What is required: Which lines run from the line with "by (cases G) (simp" through the line with "by (cases D) (simp add: one_game_def" in the entries below? Print them exactly, both ends included, and nothing more.

◇ ◇ ◇ ◇

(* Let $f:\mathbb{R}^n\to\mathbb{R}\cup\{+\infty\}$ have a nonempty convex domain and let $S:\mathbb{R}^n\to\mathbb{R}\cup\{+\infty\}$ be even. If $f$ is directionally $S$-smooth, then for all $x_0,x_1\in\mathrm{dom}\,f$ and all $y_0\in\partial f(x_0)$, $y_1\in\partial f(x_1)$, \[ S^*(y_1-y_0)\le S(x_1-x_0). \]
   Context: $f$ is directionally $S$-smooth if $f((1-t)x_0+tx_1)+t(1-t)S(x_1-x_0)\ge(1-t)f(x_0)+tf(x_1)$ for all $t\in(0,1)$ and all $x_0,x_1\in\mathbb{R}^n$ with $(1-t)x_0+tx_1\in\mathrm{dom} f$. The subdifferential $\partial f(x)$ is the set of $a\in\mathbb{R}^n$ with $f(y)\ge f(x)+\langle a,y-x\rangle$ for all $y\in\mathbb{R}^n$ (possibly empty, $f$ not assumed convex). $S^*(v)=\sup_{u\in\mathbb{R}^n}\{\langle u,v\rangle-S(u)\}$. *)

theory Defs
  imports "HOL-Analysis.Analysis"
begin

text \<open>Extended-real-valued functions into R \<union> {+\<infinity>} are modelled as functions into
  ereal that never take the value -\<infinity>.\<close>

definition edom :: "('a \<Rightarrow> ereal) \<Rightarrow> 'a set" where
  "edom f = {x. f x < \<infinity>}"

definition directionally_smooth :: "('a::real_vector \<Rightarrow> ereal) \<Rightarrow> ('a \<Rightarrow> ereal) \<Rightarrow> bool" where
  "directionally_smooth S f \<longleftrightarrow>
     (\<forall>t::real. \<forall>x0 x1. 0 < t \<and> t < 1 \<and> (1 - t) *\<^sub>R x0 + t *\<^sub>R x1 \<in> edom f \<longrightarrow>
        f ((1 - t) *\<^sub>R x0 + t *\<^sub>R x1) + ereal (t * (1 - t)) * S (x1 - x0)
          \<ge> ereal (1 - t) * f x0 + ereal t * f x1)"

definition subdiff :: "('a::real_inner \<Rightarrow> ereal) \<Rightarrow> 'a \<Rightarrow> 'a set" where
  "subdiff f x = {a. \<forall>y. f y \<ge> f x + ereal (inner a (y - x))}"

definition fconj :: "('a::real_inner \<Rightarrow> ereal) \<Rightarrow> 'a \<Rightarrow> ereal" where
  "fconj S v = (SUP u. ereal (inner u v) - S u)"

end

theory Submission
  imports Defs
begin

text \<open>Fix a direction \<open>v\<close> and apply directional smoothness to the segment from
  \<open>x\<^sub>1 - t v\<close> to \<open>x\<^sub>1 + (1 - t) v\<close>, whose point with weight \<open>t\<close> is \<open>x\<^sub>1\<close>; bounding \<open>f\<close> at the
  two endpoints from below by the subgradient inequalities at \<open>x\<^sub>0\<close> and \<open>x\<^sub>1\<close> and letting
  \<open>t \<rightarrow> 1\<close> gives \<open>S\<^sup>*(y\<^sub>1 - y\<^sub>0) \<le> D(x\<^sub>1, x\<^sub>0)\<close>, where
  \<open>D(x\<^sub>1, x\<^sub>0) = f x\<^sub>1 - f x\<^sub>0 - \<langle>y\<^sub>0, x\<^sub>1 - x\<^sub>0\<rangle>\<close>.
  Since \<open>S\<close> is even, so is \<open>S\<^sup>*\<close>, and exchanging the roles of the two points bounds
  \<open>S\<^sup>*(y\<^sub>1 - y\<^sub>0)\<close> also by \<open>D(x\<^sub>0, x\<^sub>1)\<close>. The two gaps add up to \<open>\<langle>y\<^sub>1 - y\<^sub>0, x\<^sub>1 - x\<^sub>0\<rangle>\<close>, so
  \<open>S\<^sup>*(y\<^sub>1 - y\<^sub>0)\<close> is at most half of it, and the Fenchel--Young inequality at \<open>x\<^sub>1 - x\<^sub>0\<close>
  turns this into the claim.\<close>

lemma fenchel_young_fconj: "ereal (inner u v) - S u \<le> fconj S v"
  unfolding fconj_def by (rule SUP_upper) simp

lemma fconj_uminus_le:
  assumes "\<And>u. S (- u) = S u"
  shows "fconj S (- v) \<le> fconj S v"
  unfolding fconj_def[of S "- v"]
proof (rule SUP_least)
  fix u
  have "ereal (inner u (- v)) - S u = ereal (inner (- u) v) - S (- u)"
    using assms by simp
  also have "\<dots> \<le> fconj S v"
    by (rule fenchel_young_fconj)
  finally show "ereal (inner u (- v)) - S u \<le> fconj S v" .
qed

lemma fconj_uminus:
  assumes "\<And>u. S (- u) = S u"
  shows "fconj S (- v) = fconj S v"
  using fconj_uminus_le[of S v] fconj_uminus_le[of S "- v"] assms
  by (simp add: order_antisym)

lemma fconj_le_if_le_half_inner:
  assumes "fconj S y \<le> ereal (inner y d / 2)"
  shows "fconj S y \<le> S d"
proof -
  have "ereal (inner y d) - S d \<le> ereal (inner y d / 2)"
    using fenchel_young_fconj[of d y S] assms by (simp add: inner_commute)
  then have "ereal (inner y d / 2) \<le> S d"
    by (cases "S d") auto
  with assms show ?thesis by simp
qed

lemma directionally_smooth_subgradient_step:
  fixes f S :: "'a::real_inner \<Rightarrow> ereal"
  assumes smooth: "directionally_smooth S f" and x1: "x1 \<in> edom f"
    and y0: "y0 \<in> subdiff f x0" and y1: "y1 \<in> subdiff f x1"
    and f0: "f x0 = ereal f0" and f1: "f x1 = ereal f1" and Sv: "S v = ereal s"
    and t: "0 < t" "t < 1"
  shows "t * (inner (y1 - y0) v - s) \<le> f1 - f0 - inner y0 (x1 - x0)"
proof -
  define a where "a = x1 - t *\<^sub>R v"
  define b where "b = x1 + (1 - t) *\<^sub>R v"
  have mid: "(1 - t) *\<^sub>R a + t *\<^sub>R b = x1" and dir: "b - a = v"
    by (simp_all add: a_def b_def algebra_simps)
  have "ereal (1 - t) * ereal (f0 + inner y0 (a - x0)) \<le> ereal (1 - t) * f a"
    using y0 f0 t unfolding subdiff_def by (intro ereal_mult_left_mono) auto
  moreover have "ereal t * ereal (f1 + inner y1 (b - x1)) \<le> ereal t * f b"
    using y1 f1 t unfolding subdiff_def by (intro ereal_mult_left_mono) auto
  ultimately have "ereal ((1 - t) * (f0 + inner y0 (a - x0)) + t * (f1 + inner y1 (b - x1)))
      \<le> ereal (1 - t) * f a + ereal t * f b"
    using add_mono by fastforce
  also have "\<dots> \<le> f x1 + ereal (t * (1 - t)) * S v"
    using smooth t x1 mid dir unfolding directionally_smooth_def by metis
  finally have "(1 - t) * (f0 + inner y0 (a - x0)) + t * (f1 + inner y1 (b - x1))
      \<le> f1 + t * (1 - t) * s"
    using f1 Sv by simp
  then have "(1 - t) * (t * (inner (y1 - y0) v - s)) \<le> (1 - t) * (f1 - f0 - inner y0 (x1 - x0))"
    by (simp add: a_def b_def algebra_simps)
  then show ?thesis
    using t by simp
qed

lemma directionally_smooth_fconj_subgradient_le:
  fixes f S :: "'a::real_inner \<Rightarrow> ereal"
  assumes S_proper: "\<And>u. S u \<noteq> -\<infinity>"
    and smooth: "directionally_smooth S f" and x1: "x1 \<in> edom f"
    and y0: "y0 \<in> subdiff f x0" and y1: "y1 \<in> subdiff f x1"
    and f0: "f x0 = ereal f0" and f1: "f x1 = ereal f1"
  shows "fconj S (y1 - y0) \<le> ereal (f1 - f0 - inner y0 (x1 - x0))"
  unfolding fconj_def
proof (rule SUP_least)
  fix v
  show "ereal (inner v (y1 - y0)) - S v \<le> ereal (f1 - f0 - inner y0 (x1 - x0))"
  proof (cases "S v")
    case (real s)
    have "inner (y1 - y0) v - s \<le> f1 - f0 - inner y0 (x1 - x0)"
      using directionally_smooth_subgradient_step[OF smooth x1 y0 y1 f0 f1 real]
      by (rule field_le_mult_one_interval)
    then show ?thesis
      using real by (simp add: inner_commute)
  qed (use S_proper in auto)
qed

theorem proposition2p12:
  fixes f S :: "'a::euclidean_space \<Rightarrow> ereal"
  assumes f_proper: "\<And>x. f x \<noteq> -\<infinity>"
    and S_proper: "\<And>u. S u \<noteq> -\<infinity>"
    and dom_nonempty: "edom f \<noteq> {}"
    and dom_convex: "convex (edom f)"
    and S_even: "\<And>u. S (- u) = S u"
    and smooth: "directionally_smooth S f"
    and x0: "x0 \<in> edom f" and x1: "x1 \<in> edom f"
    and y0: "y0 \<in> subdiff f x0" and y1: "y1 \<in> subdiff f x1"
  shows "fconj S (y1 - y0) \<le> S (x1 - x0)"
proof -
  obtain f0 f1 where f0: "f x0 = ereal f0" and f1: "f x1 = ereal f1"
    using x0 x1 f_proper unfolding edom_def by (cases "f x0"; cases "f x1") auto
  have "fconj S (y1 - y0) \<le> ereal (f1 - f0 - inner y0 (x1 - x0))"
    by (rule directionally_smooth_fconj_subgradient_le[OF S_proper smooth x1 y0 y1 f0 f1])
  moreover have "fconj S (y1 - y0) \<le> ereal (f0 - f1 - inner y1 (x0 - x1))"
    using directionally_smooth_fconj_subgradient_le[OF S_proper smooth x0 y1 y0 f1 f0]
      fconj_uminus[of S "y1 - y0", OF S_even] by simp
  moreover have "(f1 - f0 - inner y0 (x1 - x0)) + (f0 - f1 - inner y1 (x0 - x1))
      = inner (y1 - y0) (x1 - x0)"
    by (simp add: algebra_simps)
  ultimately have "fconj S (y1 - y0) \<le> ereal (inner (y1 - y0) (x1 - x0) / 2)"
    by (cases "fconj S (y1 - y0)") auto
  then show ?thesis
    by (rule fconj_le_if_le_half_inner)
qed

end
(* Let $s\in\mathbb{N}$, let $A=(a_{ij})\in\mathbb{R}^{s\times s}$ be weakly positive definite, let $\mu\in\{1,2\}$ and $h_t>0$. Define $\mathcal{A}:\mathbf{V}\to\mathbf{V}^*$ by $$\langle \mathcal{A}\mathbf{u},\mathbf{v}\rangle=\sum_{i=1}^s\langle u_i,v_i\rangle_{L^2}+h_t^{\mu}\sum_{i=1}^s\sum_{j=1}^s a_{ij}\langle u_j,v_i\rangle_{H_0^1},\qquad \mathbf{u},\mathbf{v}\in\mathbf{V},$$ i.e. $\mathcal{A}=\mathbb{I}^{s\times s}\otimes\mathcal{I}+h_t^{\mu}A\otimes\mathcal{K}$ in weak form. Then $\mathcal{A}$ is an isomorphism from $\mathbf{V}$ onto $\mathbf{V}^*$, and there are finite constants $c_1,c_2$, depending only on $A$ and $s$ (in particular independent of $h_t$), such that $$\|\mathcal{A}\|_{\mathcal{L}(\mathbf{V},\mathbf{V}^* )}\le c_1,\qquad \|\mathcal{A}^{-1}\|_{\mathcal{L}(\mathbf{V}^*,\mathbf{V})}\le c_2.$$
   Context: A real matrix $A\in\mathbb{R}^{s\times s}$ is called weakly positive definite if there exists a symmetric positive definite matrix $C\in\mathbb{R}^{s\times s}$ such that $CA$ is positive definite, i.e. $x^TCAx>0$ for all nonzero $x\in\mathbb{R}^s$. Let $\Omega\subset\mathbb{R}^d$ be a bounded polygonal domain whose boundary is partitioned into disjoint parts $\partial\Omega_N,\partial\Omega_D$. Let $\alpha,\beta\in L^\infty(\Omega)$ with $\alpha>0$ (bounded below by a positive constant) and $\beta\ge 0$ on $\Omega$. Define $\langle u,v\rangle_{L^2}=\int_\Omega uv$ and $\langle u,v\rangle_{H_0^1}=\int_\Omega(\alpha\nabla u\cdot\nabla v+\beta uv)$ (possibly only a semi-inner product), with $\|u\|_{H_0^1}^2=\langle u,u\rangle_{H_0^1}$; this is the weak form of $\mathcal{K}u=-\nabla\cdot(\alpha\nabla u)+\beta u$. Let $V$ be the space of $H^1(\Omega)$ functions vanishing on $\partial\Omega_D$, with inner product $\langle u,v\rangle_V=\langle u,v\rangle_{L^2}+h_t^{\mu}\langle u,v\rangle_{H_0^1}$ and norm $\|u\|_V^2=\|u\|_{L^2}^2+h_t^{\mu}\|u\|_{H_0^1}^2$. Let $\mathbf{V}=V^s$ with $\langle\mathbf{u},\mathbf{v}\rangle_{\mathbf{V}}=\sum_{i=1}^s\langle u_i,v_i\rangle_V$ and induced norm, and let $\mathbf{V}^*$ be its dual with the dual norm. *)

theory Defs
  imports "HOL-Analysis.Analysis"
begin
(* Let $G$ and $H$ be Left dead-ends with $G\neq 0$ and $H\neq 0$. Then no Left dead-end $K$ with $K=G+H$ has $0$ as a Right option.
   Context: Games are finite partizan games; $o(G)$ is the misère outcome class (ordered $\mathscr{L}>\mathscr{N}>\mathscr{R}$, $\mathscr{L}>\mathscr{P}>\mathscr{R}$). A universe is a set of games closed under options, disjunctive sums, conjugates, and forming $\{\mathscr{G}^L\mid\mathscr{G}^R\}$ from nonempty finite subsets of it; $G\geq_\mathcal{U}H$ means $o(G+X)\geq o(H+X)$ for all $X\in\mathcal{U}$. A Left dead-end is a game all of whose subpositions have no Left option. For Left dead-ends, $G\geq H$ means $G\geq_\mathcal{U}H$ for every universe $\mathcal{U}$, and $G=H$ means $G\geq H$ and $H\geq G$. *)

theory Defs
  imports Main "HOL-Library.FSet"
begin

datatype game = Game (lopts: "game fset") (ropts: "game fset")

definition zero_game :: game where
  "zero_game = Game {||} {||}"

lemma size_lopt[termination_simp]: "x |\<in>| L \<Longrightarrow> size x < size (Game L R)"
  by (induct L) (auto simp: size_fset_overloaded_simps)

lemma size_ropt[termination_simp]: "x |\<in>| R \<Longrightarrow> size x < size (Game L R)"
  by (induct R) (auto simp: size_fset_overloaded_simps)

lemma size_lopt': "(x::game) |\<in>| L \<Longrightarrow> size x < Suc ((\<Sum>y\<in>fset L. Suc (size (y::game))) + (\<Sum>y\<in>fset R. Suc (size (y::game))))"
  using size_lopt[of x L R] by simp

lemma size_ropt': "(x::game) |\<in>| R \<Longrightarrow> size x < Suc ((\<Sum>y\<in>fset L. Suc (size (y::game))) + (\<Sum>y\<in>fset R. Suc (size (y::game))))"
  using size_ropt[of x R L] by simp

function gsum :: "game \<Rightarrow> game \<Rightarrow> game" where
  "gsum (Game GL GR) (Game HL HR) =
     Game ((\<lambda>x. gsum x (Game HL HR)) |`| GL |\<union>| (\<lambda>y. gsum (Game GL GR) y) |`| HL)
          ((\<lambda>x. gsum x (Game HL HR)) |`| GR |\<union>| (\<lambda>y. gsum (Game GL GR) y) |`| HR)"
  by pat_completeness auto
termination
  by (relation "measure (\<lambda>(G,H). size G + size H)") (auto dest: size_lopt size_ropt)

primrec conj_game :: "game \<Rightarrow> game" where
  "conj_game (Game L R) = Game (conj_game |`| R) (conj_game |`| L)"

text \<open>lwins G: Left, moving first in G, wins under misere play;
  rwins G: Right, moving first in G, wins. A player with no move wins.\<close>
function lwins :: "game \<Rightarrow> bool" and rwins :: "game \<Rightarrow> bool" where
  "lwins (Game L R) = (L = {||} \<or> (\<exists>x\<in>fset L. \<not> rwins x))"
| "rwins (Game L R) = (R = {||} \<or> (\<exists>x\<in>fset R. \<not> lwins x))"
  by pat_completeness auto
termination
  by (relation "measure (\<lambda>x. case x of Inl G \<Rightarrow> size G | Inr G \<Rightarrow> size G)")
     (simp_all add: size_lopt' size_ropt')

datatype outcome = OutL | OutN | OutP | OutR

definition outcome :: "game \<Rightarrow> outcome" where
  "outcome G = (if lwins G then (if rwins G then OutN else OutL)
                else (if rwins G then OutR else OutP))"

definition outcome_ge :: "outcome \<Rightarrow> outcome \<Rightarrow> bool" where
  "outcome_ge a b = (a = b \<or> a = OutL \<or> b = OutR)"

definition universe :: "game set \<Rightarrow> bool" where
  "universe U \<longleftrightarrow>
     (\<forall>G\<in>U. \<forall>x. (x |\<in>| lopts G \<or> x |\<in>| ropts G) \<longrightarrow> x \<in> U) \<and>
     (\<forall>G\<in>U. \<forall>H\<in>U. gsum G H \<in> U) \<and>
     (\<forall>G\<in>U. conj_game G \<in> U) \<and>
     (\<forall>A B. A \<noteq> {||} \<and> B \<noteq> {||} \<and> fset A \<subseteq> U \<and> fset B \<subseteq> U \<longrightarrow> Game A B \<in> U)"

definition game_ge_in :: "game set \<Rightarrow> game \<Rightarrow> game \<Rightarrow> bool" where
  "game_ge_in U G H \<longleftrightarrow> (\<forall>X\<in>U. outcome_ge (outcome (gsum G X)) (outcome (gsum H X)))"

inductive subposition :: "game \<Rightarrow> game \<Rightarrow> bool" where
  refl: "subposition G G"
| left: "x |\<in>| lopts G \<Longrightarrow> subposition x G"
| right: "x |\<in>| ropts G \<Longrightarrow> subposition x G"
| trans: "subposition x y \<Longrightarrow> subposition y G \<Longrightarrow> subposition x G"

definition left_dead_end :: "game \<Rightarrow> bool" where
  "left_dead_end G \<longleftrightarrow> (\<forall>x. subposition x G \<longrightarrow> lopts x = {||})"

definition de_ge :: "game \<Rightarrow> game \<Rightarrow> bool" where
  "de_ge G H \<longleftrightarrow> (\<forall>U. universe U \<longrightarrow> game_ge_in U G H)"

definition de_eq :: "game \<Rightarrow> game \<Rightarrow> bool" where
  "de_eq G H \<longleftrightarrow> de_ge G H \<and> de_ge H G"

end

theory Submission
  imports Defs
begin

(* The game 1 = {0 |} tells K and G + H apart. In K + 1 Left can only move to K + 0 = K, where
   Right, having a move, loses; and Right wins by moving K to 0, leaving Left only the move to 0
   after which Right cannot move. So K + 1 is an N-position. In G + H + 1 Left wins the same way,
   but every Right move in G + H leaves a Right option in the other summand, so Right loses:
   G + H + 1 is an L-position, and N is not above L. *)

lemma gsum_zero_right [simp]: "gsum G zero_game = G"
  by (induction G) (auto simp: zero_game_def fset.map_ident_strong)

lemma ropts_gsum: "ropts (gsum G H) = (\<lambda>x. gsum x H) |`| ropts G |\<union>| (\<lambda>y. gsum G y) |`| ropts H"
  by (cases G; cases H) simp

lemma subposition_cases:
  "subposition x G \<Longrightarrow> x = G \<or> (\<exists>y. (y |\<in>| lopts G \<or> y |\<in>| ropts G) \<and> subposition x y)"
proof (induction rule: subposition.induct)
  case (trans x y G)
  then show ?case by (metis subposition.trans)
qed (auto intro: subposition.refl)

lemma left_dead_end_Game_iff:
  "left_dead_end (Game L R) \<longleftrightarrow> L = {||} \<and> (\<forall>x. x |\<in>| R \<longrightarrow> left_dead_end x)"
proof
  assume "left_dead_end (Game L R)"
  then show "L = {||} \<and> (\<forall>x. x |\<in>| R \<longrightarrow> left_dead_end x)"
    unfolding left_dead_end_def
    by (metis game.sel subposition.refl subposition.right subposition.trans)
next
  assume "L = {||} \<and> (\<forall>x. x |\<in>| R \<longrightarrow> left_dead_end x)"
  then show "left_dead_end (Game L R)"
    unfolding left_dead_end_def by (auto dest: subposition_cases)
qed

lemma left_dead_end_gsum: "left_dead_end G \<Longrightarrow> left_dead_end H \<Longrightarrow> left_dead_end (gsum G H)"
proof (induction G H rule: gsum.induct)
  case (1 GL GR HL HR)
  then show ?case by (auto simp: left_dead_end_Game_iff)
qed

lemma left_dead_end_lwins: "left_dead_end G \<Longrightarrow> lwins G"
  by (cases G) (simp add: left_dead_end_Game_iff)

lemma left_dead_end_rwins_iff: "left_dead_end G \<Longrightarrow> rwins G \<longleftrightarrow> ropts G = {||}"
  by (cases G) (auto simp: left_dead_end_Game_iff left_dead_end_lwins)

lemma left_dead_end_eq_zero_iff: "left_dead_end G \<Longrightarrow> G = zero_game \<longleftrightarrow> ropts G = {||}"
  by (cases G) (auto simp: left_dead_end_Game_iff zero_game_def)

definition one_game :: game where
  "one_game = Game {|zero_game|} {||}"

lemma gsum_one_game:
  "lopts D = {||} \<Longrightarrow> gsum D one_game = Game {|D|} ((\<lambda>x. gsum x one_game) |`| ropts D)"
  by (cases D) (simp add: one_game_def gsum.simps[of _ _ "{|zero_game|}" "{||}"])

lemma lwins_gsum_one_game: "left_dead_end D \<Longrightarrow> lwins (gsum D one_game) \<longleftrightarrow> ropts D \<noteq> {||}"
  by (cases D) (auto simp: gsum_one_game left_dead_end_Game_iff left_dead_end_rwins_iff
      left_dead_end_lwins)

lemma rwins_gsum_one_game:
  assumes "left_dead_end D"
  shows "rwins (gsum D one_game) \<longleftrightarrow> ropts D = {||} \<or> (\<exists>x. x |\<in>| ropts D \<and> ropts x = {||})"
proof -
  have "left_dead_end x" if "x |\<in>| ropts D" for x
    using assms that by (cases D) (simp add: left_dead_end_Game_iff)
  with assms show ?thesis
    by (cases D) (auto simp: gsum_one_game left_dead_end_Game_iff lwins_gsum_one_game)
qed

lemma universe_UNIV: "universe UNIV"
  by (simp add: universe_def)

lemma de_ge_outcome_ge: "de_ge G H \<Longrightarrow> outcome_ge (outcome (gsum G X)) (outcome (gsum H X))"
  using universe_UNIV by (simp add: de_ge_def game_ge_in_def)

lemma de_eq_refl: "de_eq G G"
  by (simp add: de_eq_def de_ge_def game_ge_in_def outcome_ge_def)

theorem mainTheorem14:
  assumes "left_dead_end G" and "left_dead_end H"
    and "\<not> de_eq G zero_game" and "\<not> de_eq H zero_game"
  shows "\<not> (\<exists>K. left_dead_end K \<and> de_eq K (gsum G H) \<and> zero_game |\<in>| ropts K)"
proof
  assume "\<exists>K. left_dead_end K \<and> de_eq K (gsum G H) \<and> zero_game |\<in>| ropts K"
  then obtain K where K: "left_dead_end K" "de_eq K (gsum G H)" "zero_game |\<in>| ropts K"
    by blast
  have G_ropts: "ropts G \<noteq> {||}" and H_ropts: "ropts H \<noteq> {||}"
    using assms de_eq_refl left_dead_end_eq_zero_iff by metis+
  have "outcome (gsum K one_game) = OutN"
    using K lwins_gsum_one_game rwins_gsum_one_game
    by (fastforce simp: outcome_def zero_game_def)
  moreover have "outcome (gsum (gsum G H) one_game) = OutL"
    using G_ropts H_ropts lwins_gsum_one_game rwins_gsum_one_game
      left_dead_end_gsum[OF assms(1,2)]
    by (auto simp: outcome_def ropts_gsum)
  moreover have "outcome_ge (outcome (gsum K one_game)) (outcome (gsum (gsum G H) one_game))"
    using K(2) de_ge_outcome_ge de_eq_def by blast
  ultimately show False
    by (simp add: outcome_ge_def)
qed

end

◇ ◇ ◇ ◇

Reply to the task:
  by (cases G) (simp add: left_dead_end_Game_iff)

lemma left_dead_end_rwins_iff: "left_dead_end G \<Longrightarrow> rwins G \<longleftrightarrow> ropts G = {||}"
  by (cases G) (auto simp: left_dead_end_Game_iff left_dead_end_lwins)

lemma left_dead_end_eq_zero_iff: "left_dead_end G \<Longrightarrow> G = zero_game \<longleftrightarrow> ropts G = {||}"
  by (cases G) (auto simp: left_dead_end_Game_iff zero_game_def)

definition one_game :: game where
  "one_game = Game {|zero_game|} {||}"

lemma gsum_one_game:
  "lopts D = {||} \<Longrightarrow> gsum D one_game = Game {|D|} ((\<lambda>x. gsum x one_game) |`| ropts D)"
  by (cases D) (simp add: one_game_def gsum.simps[of _ _ "{|zero_game|}" "{||}"])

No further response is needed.